Just on 11 months ago (May 5, 2011) Professor Robert May (Lord May of Oxford, OM, AC, FRS, FAA, former Chief Scientific Advisor to Her Majesty's Government, former President of the Royal Society ) addressed the annual dinner of the Australian Academy of Science. And it was three weeks before that the then Minister for Industry, Innovation, Science and Technology, Senator Kim Carr, announced that the just retired vice-chancellor of the Australian National University, Professor Ian Chubb, would take over the Chief Scientist's role for the Australian Government. In announcing the appointment Senator Carr was fulsome in his praise: "We ask for the skills to negotiate the wilds of Canberra and the corridors of academia and the boardrooms of the corporate world. This is no small task (but) the government has found those characteristics united in Professor Ian Chubb."
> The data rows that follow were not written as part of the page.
lemma expressible_upto_Suc:
  assumes K: "expressible_upto m n (Suc L) TYPE('a::ring_1)"
  shows "expressible_upto m n (Suc (Suc L)) TYPE('a)"
proof -
  have lift: "expressible m n (Suc L) f \<Longrightarrow> expressible m n (Suc (Suc L)) f"
    for f :: "(complex \<Rightarrow> 'a) \<Rightarrow> _"
    by (erule expressible_mono) simp
  have sigma: "expressible m n (Suc (Suc L)) (\<lambda>(emb :: complex \<Rightarrow> 'a) E. sigma m n E t)"
    if "t \<le> L" for t
    using that sigma_expressible_step[OF K] lift[OF expressible_upto_sigma[OF K, of t]]
    by (cases "t = L") auto
  have tau_top: "expressible m n (Suc (Suc L)) (\<lambda>(emb :: complex \<Rightarrow> 'a) E. tau m n E (Suc (Suc L)))"
  proof (rule expressible_cong)
    show "expressible m n (Suc (Suc L)) (\<lambda>(emb :: complex \<Rightarrow> 'a) E.
        tau m n E 1 * tau m n E (Suc L) + (\<Sum>i<Suc L. sigma m n E i * tau m n E (Suc L - 1 - i)))"
      by (intro expressible_add expressible_mult expressible_sum sigma lift
          expressible_upto_tau[OF K]) auto
  qed (simp only: gl_family.tau_Suc[OF gl_family.intro])
  show ?thesis
    unfolding expressible_upto_def
    using tau_top sigma lift[OF expressible_upto_tau[OF K]] by (auto simp: le_Suc_eq)
qed

lemma expressible_upto_one: "expressible_upto m n 1 TYPE('a::ring_1)"
proof -
  have "expressible m n 1 (\<lambda>(emb :: complex \<Rightarrow> 'a) E. tau m n E 0)"
    by (rule expressible_cong[OF expressible_const[of m n 1 1]])
      (simp add: complex_alg_def gl_family.tau_0[OF gl_family.intro])
  moreover have "expressible m n 1 (\<lambda>(emb :: complex \<Rightarrow> 'a) E. tau m n E 1)"
  proof (rule expressible_cong)
    show "expressible m n 1 (\<lambda>(emb :: complex \<Rightarrow> 'a) E. Icas m n E 1 - Ihat m n E 1)"
      by (intro expressible_diff expressible_Icas expressible_Ihat) auto
  qed (rule gl_family.tau_1_casimir[OF gl_family.intro])
  ultimately show ?thesis
    unfolding expressible_upto_def by (auto simp: le_Suc_eq)
qed

lemma expressible_upto: "1 \<le> K \<Longrightarrow> expressible_upto m n K TYPE('a::ring_1)"
proof (induction K rule: nat_induct_at_least)
  case base
  then show ?case by (rule expressible_upto_one)
next
  case (Suc K)
  then show ?case using expressible_upto_Suc[of m n "K - 1"] by simp
qed

theorem theorem15:
  fixes m n :: nat
  shows "(\<forall>k. \<exists>P. pvars_le k P \<and>
            (\<forall>(emb :: complex \<Rightarrow> 'a::ring_1) E. complex_alg emb \<and> gl_rel m n E \<longrightarrow>
               tau m n E k = peval emb (Icas m n E) (Ihat m n E) P)) \<and>
         (\<forall>l. \<exists>P. pvars_le (l + 2) P \<and>
            (\<forall>(emb :: complex \<Rightarrow> 'a::ring_1) E. complex_alg emb \<and> gl_rel m n E \<longrightarrow>
               sigma m n E l = peval emb (Icas m n E) (Ihat m n E) P))"
proof (intro conjI allI)
  fix k
  have "expressible m n k (\<lambda>(emb :: complex \<Rightarrow> 'a) E. tau m n E k)"
  proof (cases k)
    case 0
    show ?thesis
      unfolding 0 by (rule expressible_cong[OF expressible_const[of m n 0 1]])
        (simp add: complex_alg_def gl_family.tau_0[OF gl_family.intro])
  next
    case (Suc K)
    then have "expressible_upto m n k TYPE('a)"
      by (intro expressible_upto) simp
    then show ?thesis
      by (rule expressible_upto_tau) simp
  qed
  then show "\<exists>P. pvars_le k P \<and> (\<forall>(emb :: complex \<Rightarrow> 'a) E. complex_alg emb \<and> gl_rel m n E \<longrightarrow>
      tau m n E k = peval emb (Icas m n E) (Ihat m n E) P)"
    unfolding expressible_def .
next
  fix l
  have "expressible_upto m n (l + 2) TYPE('a)"
    by (intro expressible_upto) simp
  then have "expressible m n (l + 2) (\<lambda>(emb :: complex \<Rightarrow> 'a) E. sigma m n E l)"
    by (rule expressible_upto_sigma) simp
  then show "\<exists>P. pvars_le (l + 2) P \<and> (\<forall>(emb :: complex \<Rightarrow> 'a) E. complex_alg emb \<and> gl_rel m n E \<longrightarrow>
      sigma m n E l = peval emb (Icas m n E) (Ihat m n E) P)"
    unfolding expressible_def .
qed

end
lemma boost_commutator:
  assumes V: "open V" and f: "smooth_on V f" and q: "q \<in> V" and t: "crd 0 q \<noteq> 0"
    and b: "b \<in> {1,2}" and c: "c \<in> {1,2}"
  shows "boost c (boost b f) q - boost b (boost c f) q
    = crd c q / crd 0 q * boost b f q - crd b q / crd 0 q * boost c f q"
proof -
  have b2: "b \<le> 2" and c2: "c \<le> 2" and b0: "b \<noteq> 0" and c0: "c \<noteq> 0" using b c by auto
  have "boost c (boost b f) q = crd c q * (boost b (dpart 0 f) q + dpart b f q)
        + crd 0 q * (boost b (dpart c f) q + (if c = b then dpart 0 f q else 0))"
    unfolding boost_def[of c "boost b f"]
    using dpart_boost_commute[OF V f q _ b2, of 0] dpart_boost_commute[OF V f q c2 b2] b0 c0 by simp
  moreover have "boost b (boost c f) q = crd b q * (boost c (dpart 0 f) q + dpart c f q)
        + crd 0 q * (boost c (dpart b f) q + (if b = c then dpart 0 f q else 0))"
    unfolding boost_def[of b "boost c f"]
    using dpart_boost_commute[OF V f q _ c2, of 0] dpart_boost_commute[OF V f q b2 c2] b0 c0 by simp
  moreover have "dpart 0 (dpart b f) q = dpart b (dpart 0 f) q"
    "dpart 0 (dpart c f) q = dpart c (dpart 0 f) q" "dpart c (dpart b f) q = dpart b (dpart c f) q"
    using dpart_dpart_commute[OF V f _ _ q] b2 c2 by auto
  ultimately show ?thesis using t unfolding boost_def by (simp add: field_simps)
qed

section \<open>Coefficients\<close>

definition tpos :: "pt set" where
  "tpos = {q. crd 0 q > 0}"

lemma open_tpos: "open tpos"
proof -
  have "tpos = {q. 0 < fst q}" unfolding tpos_def crd_def by simp
  moreover have "open {q::pt. 0 < fst q}"
    by (rule open_Collect_less) (auto intro: continuous_intros)
  ultimately show ?thesis by simp
qed

definition future_cone :: "pt set" where
  "future_cone = {q. 1 \<le> crd 0 q \<and> \<bar>crd 1 q\<bar> \<le> crd 0 q \<and> \<bar>crd 2 q\<bar> \<le> crd 0 q}"

lemma future_cone_subset_tpos: "future_cone \<subseteq> tpos"
  unfolding future_cone_def tpos_def by auto

lemma Kset_subset_future_cone: "Kset s0 s1 \<subseteq> future_cone"
proof
  fix q assume q: "q \<in> Kset s0 s1"
  define r where "r = sqrt (crd 1 q ^ 2 + crd 2 q ^ 2)"
  have t: "crd 0 q > r + 1" using q unfolding Kset_def r_def by auto
  have "\<bar>crd 1 q\<bar> \<le> r" "\<bar>crd 2 q\<bar> \<le> r" "0 \<le> r"
    unfolding r_def by (auto intro!: real_le_rsqrt)
  then show "q \<in> future_cone" unfolding future_cone_def using t by auto
qed

definition tinv :: fn where
  "tinv q = 1 / crd 0 q"

text \<open>\<open>Coef0\<close> is generated by \<open>x\<^sup>a/t\<close> and \<open>1/t\<close>: its members are bounded on \<open>future_cone\<close>,
  boosts map it to itself, and partial derivatives map it into \<open>Coef1 = Coef0 / t\<close>.\<close>

inductive_set Coef0 :: "fn set" where
  Coef0_const: "(\<lambda>q. c) \<in> Coef0"
| Coef0_ratio: "b \<in> {1,2} \<Longrightarrow> (\<lambda>q. crd b q / crd 0 q) \<in> Coef0"
| Coef0_tinv: "tinv \<in> Coef0"
| Coef0_add: "f \<in> Coef0 \<Longrightarrow> g \<in> Coef0 \<Longrightarrow> (\<lambda>q. f q + g q) \<in> Coef0"
| Coef0_mult: "f \<in> Coef0 \<Longrightarrow> g \<in> Coef0 \<Longrightarrow> (\<lambda>q. f q * g q) \<in> Coef0"
| Coef0_cong: "g \<in> Coef0 \<Longrightarrow> eq_on tpos f g \<Longrightarrow> f \<in> Coef0"

definition Coef1 :: "fn set" where
  "Coef1 = {f. \<exists>g\<in>Coef0. eq_on tpos f (\<lambda>q. tinv q * g q)}"

lemma has_derivative_tinv:
  "crd 0 q \<noteq> 0 \<Longrightarrow> (tinv has_derivative (\<lambda>h. - crd 0 h / (crd 0 q)\<^sup>2)) (at q)"
  unfolding tinv_def [abs_def]
  by (rule derivative_eq_intros has_derivative_crd refl | simp add: power2_eq_square field_simps)+

lemma has_derivative_ratio:
  "crd 0 q \<noteq> 0 \<Longrightarrow> ((\<lambda>q. crd b q / crd 0 q) has_derivative
    (\<lambda>h. (crd b h * crd 0 q - crd b q * crd 0 h) / (crd 0 q)\<^sup>2)) (at q)"
  by (rule derivative_eq_intros has_derivative_crd refl | simp add: power2_eq_square field_simps)+

lemma dpart_tinv:
  "q \<in> tpos \<Longrightarrow> a \<le> 2 \<Longrightarrow> dpart a tinv q = tinv q * (if a = 0 then - tinv q else 0)"
  using dpart_eq_derivative[OF has_derivative_tinv[of q], of a] unfolding tpos_def tinv_def
  by (auto simp: crd_def ev_def numeral_2_eq_2 le_Suc_eq power2_eq_square)

lemma dpart_ratio:
  "q \<in> tpos \<Longrightarrow> a \<le> 2 \<Longrightarrow> b \<in> {1,2} \<Longrightarrow> dpart a (\<lambda>q. crd b q / crd 0 q) q
    = tinv q * ((if a = b then 1 else 0) - (if a = 0 then crd b q / crd 0 q else 0))"
  using dpart_eq_derivative[OF has_derivative_ratio[of q b], of a] unfolding tpos_def tinv_def
  by (auto simp: crd_def ev_def numeral_2_eq_2 le_Suc_eq power2_eq_square field_simps)

lemma Coef0_differentiable: "f \<in> Coef0 \<Longrightarrow> q \<in> tpos \<Longrightarrow> f differentiable (at q)"
proof (induction f arbitrary: q rule: Coef0.induct)
  case (Coef0_ratio b)
  then show ?case using has_derivative_ratio[of q b] unfolding tpos_def differentiable_def by auto
next
  case Coef0_tinv
  then show ?case using has_derivative_tinv[of q] unfolding tpos_def differentiable_def by auto
next
  case (Coef0_cong g f)
  then obtain g' where "(g has_derivative g') (at q)" unfolding differentiable_def by blast
  then have "(f has_derivative g') (at q)"
    by (rule has_derivative_transform_within_open[OF _ open_tpos Coef0_cong.prems])
      (use Coef0_cong.hyps in \<open>auto simp: eq_on_def\<close>)
  then show ?case unfolding differentiable_def by blast
qed (simp_all add: differentiable_add differentiable_mult)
Turning back to Professor May he told the Australian Academy Fellows:
The only advice I have about having more influence with government is: "You have to be lucky". The things that have happened in Britain are by and large good, not necessarily a reflection on the skills of The Royal Society or others [which] have been just good luck. In the general election of 1993 one of the Labour Party manifestos – which had been influenced by a very interesting eminence grise in the Party, Jeremy Bray – was to...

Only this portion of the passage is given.